:: Records to process ::
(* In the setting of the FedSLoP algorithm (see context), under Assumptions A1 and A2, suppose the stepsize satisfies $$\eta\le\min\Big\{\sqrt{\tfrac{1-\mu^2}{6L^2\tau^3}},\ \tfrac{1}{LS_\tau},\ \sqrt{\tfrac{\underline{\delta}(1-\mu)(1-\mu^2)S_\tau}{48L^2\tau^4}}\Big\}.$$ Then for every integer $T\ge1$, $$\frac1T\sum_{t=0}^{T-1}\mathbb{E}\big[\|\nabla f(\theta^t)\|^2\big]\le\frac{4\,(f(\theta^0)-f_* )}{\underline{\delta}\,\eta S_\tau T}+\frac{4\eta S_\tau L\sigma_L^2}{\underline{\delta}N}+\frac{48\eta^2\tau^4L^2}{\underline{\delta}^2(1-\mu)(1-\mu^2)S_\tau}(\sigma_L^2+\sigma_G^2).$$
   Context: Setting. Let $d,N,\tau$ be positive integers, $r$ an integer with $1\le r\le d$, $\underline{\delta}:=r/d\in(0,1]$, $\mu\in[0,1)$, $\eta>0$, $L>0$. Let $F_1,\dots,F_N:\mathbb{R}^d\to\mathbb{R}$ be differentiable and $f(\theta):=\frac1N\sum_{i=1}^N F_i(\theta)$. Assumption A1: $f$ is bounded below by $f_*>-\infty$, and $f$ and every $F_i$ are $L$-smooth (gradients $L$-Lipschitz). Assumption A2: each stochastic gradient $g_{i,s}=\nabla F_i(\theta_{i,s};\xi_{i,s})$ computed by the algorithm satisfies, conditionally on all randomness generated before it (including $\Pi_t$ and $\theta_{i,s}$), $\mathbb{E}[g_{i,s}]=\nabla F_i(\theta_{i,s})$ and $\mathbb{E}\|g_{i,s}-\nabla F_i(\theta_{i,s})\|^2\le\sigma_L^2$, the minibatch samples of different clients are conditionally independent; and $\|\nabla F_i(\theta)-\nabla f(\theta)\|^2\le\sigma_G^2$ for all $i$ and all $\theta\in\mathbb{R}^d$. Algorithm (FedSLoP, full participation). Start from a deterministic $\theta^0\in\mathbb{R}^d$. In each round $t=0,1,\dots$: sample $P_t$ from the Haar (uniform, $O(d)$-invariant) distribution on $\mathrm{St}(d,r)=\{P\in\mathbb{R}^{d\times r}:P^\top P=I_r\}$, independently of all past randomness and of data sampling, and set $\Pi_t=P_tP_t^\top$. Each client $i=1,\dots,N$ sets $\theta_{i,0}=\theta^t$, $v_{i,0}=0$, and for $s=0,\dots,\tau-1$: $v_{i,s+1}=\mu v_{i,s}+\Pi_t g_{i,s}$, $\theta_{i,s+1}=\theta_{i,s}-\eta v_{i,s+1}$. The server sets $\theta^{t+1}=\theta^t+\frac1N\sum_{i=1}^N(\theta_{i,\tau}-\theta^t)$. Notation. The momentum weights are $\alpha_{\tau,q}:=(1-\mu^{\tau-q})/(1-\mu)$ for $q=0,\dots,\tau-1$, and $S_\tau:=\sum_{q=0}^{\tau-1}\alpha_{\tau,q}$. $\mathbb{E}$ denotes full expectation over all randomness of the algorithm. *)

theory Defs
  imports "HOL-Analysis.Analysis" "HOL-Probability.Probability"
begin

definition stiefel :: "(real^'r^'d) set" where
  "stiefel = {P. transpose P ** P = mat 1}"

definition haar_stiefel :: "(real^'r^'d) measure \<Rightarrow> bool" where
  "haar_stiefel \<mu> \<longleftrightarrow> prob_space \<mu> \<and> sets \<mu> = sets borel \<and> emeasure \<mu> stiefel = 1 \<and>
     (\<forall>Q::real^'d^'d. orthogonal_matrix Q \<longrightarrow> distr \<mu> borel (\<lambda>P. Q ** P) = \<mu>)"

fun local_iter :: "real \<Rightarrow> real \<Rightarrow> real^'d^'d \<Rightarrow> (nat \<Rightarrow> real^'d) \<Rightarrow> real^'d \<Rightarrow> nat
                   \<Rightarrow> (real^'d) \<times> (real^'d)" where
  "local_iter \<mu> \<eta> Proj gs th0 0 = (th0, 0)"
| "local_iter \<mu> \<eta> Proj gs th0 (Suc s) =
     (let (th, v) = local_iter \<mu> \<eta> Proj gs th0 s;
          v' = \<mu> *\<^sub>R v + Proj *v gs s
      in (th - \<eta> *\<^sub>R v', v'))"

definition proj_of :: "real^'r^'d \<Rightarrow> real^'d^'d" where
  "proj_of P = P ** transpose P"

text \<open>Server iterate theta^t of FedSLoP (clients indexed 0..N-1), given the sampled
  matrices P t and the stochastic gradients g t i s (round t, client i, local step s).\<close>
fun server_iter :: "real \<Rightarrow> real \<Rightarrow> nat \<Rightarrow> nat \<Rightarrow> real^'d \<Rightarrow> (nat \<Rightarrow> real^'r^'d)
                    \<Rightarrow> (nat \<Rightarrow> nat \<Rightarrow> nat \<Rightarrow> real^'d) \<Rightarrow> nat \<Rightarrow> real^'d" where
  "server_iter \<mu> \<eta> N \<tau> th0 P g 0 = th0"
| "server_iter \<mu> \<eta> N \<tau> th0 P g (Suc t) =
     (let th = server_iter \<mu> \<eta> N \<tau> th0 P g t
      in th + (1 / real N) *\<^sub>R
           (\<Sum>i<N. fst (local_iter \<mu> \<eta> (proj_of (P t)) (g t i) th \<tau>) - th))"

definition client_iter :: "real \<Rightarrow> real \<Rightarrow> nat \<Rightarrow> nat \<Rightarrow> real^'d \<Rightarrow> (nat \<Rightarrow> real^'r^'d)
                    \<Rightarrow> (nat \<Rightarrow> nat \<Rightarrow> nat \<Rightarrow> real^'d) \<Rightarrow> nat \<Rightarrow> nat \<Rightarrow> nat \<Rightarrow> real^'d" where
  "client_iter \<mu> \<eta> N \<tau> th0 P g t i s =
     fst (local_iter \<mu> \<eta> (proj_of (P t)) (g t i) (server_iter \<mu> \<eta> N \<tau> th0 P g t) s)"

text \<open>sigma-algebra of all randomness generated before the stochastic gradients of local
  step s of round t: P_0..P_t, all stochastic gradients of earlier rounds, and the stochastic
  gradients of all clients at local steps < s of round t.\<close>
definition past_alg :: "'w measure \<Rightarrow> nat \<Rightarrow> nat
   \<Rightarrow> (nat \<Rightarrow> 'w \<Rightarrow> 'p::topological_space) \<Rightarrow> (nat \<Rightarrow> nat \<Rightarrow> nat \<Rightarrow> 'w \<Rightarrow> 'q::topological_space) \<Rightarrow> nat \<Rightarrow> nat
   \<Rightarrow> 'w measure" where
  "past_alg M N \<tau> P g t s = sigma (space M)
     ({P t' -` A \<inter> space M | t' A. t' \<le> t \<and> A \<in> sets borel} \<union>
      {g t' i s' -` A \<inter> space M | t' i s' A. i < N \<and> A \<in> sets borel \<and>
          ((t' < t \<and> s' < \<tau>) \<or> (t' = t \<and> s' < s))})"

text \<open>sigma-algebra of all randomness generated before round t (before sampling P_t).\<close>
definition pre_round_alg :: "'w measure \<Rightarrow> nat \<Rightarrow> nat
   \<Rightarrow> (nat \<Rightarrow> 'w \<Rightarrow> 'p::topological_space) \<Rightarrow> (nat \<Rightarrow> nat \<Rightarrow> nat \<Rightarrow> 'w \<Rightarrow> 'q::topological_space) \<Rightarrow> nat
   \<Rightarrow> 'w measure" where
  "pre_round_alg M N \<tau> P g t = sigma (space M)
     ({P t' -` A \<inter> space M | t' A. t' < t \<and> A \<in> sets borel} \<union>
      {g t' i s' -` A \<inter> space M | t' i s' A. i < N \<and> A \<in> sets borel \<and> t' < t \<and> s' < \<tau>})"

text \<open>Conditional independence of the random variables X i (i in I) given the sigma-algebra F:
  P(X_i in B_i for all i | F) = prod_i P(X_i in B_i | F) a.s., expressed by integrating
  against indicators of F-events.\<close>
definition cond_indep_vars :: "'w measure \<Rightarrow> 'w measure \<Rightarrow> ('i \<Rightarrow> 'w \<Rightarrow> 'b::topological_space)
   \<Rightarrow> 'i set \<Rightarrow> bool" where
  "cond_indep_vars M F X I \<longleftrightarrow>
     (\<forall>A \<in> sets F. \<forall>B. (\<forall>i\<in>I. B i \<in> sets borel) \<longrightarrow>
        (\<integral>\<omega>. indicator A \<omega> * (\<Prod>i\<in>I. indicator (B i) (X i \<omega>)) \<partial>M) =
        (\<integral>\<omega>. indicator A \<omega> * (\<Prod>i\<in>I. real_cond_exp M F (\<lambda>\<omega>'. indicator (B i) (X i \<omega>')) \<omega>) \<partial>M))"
:::
Only lines with the word "close" are wanted; pull each of them from the records.

- **Solution to this problem**
  matrices P t and the stochastic gradients g t i s (round t, client i, local step s).\<close>
  gradients of all clients at local steps < s of round t.\<close>
text \<open>sigma-algebra of all randomness generated before round t (before sampling P_t).\<close>
  against indicators of F-events.\<close>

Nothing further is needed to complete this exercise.